We established a supervised regression model using R package randomForest 4.6–14 which implements random forests algorithm introduced by Breiman et.al[31]. All clinical test results and information of training set were input as independent variables while relative low FF status as the response variable. Then, the fitted model was validated by test set to predict relative low FF status of which output ranged in [0,1]. Samples with the predicted value lower than 10th percentile were marked as predictive relative low FF status.
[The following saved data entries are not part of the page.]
text \<open>The kernel of \<psi> is a retract of G via x \<mapsto> x \<otimes> inv (q [^] \<psi> x), hence finitely generated.\<close>

lemma (in comm_group) fin_gen_kernel_int_hom:
  assumes fg: "fin_gen_group G" and \<psi>: "\<psi> \<in> hom G integer_group" and q: "q \<in> carrier G" "\<psi> q = 1"
  shows "fin_gen_group (G\<lparr>carrier := kernel G integer_group \<psi>\<rparr>)"
proof -
  define N where "N = kernel G integer_group \<psi>"
  have N: "subgroup N G"
    unfolding N_def by (rule group_hom.subgroup_kernel[OF group_homI[OF is_group group_integer_group \<psi>]])
  interpret NG: comm_group "G\<lparr>carrier := N\<rparr>" by (rule subgroup_is_comm_group[OF N])
  define r where "r x = x \<otimes> inv (q [^] \<psi> x)" for x
  have r_N: "r x \<in> N" if "x \<in> carrier G" for x
    using that q \<psi> unfolding r_def N_def kernel_def
    by (simp add: int_hom_mult int_hom_inv int_hom_int_pow)
  have r_id: "r y = y" if "y \<in> N" for y
    using that q unfolding r_def N_def kernel_def by simp
  have "r \<in> hom G (G\<lparr>carrier := N\<rparr>)"
  proof (rule homI)
    fix x y assume xy: "x \<in> carrier G" "y \<in> carrier G"
    have "r (x \<otimes> y) = x \<otimes> y \<otimes> inv (q [^] \<psi> x \<otimes> q [^] \<psi> y)"
      unfolding r_def using xy q \<psi> by (simp add: int_hom_mult int_pow_mult)
    also have "\<dots> = r x \<otimes> r y"
      unfolding r_def using xy q by (simp add: inv_mult m_assoc m_lcomm[of y])
    finally show "r (x \<otimes> y) = r x \<otimes>\<^bsub>G\<lparr>carrier := N\<rparr>\<^esub> r y" by simp
  qed (simp add: r_N)
  moreover have "r ` carrier G = N"
  proof
    show "N \<subseteq> r ` carrier G"
      using r_id subgroup.mem_carrier[OF N] by (metis image_eqI subsetI)
  qed (use r_N in blast)
  ultimately show ?thesis
    using fin_gen_group_image[OF is_group NG.is_group _ _ fg] unfolding N_def by simp
qed

lemma (in comm_group) extends_to_basis_if_int_hom_eq_1:
  assumes tf: "torsion_free G" and fg: "fin_gen_group G"
    and \<psi>: "\<psi> \<in> hom G integer_group" and q: "q \<in> carrier G" "\<psi> q = 1"
  shows "extends_to_basis G q"
proof -
  have N: "subgroup (kernel G integer_group \<psi>) G"
    by (rule group_hom.subgroup_kernel[OF group_homI[OF is_group group_integer_group \<psi>]])
  interpret N: comm_group "G\<lparr>carrier := kernel G integer_group \<psi>\<rparr>"
    by (rule subgroup_is_comm_group[OF N])
  obtain B where "abelian_basis (G\<lparr>carrier := kernel G integer_group \<psi>\<rparr>) B"
    using N.exists_abelian_basis[OF torsion_free_subgroup[OF tf N] fin_gen_kernel_int_hom[OF fg \<psi> q]]
    by blast
  then have "abelian_basis G (insert q B)" by (rule abelian_basis_insert_kernel[OF \<psi> q])
  then show ?thesis unfolding extends_to_basis_def by blast
qed

lemma (in comm_group) extends_to_basis_iff_int_hom_eq_1:
  assumes "torsion_free G" "fin_gen_group G" "x \<in> carrier G"
  shows "extends_to_basis G x \<longleftrightarrow> (\<exists>\<phi> \<in> hom G integer_group. \<phi> x = 1)"
  using extends_to_basis_if_int_hom_eq_1[OF assms(1,2) _ assms(3)]
    int_hom_eq_1_if_extends_to_basis by meson

lemma (in comm_group) exists_int_hom_eq_1:
  assumes "torsion_free G" "fin_gen_group G" "carrier G \<noteq> {\<one>}"
  shows "\<exists>x \<in> carrier G. \<exists>\<phi> \<in> hom G integer_group. \<phi> x = 1"
proof -
  obtain B where B: "abelian_basis G B" using exists_abelian_basis assms(1,2) by blast
  have "B \<noteq> {}"
    using B assms(3) generate_empty unfolding abelian_basis_def by auto
  then obtain b where b: "b \<in> B" by blast
  then have "extends_to_basis G b" using B unfolding extends_to_basis_def by blast
  moreover have "b \<in> carrier G" using B b unfolding abelian_basis_def by blast
  ultimately show ?thesis using int_hom_eq_1_if_extends_to_basis by blast
qed

section \<open>Abelian direct factors and central elements\<close>

lemma (in group) subgroup_center: "subgroup (center G) G"
proof (rule subgroupI)
  fix a b assume a: "a \<in> center G" and b: "b \<in> center G"
  then have ac: "a \<in> carrier G" "\<And>g. g \<in> carrier G \<Longrightarrow> a \<otimes> g = g \<otimes> a"
    and bc: "b \<in> carrier G" "\<And>g. g \<in> carrier G \<Longrightarrow> b \<otimes> g = g \<otimes> b"
    unfolding center_def by auto
  have "inv a \<otimes> g = g \<otimes> inv a" if g: "g \<in> carrier G" for g
  proof -
    have "inv a \<otimes> g = inv a \<otimes> (g \<otimes> a) \<otimes> inv a" using g ac(1) by (simp add: m_assoc)
    also have "\<dots> = inv a \<otimes> (a \<otimes> g) \<otimes> inv a" using ac(2)[OF g] by simp
    also have "\<dots> = g \<otimes> inv a" using g ac(1) by (simp add: m_assoc[symmetric])
    finally show ?thesis .
  qed
  then show "inv a \<in> center G" using ac(1) unfolding center_def by auto
  have "a \<otimes> b \<otimes> g = g \<otimes> (a \<otimes> b)" if g: "g \<in> carrier G" for g
  proof -
    have "a \<otimes> b \<otimes> g = a \<otimes> (g \<otimes> b)" using g ac(1) bc(1) bc(2)[OF g] by (simp add: m_assoc)
    also have "\<dots> = g \<otimes> (a \<otimes> b)" using g ac(1) bc(1) ac(2)[OF g] by (simp add: m_assoc[symmetric])
    finally show ?thesis .
  qed
  then show "a \<otimes> b \<in> center G" using ac(1) bc(1) unfolding center_def by auto
qed (auto simp: center_def)

lemma (in group) normal_if_subset_center:
  assumes K: "subgroup K G" and KZ: "K \<subseteq> center G"
  shows "K \<lhd> G"
proof (rule normal_invI[OF K])
  fix x k assume x: "x \<in> carrier G" and k: "k \<in> K"
  then have "x \<otimes> k = k \<otimes> x" using KZ unfolding center_def by auto
  then have "x \<otimes> k \<otimes> inv x = k"
    using x k subgroup.mem_carrier[OF K] by (simp add: m_assoc)
  with k show "x \<otimes> k \<otimes> inv x \<in> K" by simp
qed

lemma (in group) comm_group_if_subset_center:
  assumes K: "subgroup K G" and KZ: "K \<subseteq> center G"
  shows "comm_group (G\<lparr>carrier := K\<rparr>)"
  using subgroup.subgroup_is_group[OF K is_group]
proof (rule group.group_comm_groupI)
  fix x y assume "x \<in> carrier (G\<lparr>carrier := K\<rparr>)" "y \<in> carrier (G\<lparr>carrier := K\<rparr>)"
  then show "x \<otimes>\<^bsub>G\<lparr>carrier := K\<rparr>\<^esub> y = y \<otimes>\<^bsub>G\<lparr>carrier := K\<rparr>\<^esub> x"
    using KZ subgroup.mem_carrier[OF K] unfolding center_def by auto
qed

lemma (in group) direct_factor_if_central_int_hom:
  assumes \<psi>: "\<psi> \<in> hom G integer_group" and z: "z \<in> center G" "\<psi> z = 1"
  shows "has_nontrivial_abelian_direct_factor G"
proof -
  have zG: "z \<in> carrier G" using z unfolding center_def by auto
  define H where "H = kernel G integer_group \<psi>"
  define K where "K = generate G {z}"
  have H: "H \<lhd> G"
    unfolding H_def by (rule group_hom.normal_kernel[OF group_homI[OF is_group group_integer_group \<psi>]])
  have K_pow: "K = {z [^] (k :: int) | k. k \<in> UNIV}" unfolding K_def by (rule generate_pow[OF zG])
  have KZ: "K \<subseteq> center G" unfolding K_pow using subgroup_int_pow_closed[OF subgroup_center z(1)] by auto
  have subK: "subgroup K G" unfolding K_def using zG by (intro generate_is_subgroup) auto
  have K: "K \<lhd> G" by (rule normal_if_subset_center[OF subK KZ])
  have "H \<inter> K \<subseteq> {\<one>}"
  proof
    fix x assume "x \<in> H \<inter> K"
    then obtain k :: int where "x = z [^] k" "\<psi> x = 0" unfolding K_pow H_def kernel_def by auto
    then show "x \<in> {\<one>}" using int_hom_int_pow[OF \<psi> zG, of k] z by simp
  qed
  then have HK: "H \<inter> K = {\<one>}"
    using normal_imp_subgroup[OF H] subK by (auto intro: subgroup.one_closed)
  have "carrier G \<subseteq> H <#> K"
  proof
    fix g assume g: "g \<in> carrier G"
    have "g \<otimes> inv (z [^] \<psi> g) \<in> H"
      unfolding H_def kernel_def using g zG z \<psi> by (simp add: int_hom_mult int_hom_inv int_hom_int_pow)
    moreover have "z [^] \<psi> g \<in> K" unfolding K_pow by blast
    moreover have "g = g \<otimes> inv (z [^] \<psi> g) \<otimes> z [^] \<psi> g" using g zG by (simp add: m_assoc)
    ultimately show "g \<in> H <#> K" unfolding set_mult_def by blast
  qed
  then have prod: "H <#> K = carrier G"
    using set_mult_closed[OF subgroup.subset[OF normal_imp_subgroup[OF H]] subgroup.subset[OF subK]]
    by blast
  have "z \<in> K" unfolding K_def by (rule generate.incl) simp
  then have nontriv: "K \<noteq> {\<one>}" using z int_hom_one[OF \<psi>] by auto
  then show ?thesis
    unfolding has_nontrivial_abelian_direct_factor_def
    using H K HK prod nontriv comm_group_if_subset_center[OF subK KZ] by blast
qed

lemma (in group) normal_subgroups_commute:
  assumes H: "H \<lhd> G" and K: "K \<lhd> G" and HK: "H \<inter> K = {\<one>}" and hk: "h \<in> H" "k \<in> K"
  shows "h \<otimes> k = k \<otimes> h"
proof -
  interpret H: normal H G by (rule H)
  interpret K: normal K G by (rule K)
  have hG: "h \<in> carrier G" and kG: "k \<in> carrier G" using hk by auto
  define c where "c = h \<otimes> k \<otimes> inv h \<otimes> inv k"
  have "c \<in> K" unfolding c_def using K.inv_op_closed2[OF hG hk(2)] hk(2) by auto
  moreover have "c = h \<otimes> (k \<otimes> inv h \<otimes> inv k)" unfolding c_def using hG kG by (simp add: m_assoc)
  then have "c \<in> H" using H.inv_op_closed2[OF kG H.m_inv_closed[OF hk(1)]] hk(1) by auto
  ultimately have "c = \<one>" using HK by blast
  moreover have "h \<otimes> k = c \<otimes> k \<otimes> h" unfolding c_def using hG kG by (simp add: m_assoc)
  ultimately show ?thesis using hG kG by simp
qed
Overall accuracy, ROC curves and precision recall (PR) curves were selected as the performance evaluation metrics. To compare this comprehensive predictive method with single-variable based predictive method, we also defined another prediction method based on maternal weight in first and second trimester: samples with maternal weight higher than 90th percentile were marked as predictive relative low FF status. We compared the effectiveness of the predictive model in classifying low and normal FF status against maternal weight in first and second trimester.
Statistical analysis
Statistical analysis was performed using R-3.4.4 (https://www.r-project.org/). NA value imputation was performed using R package of DMwR (0.4.1) [32]. Kolmogorov-Smirnov test was applied for determining whether continuous variables could be fitted with a Gaussian distribution. Student's t test and Mann-Whitney U test were performed to compare differences of Gaussian and non-Gaussian distributed continuous variables, respectively. Chi square test and fisher exact test were used for categorical variables. Delong test was used for comparing the performance of two ROC curves. A probability value (p-value) of < 0.05 was considered statistically significant.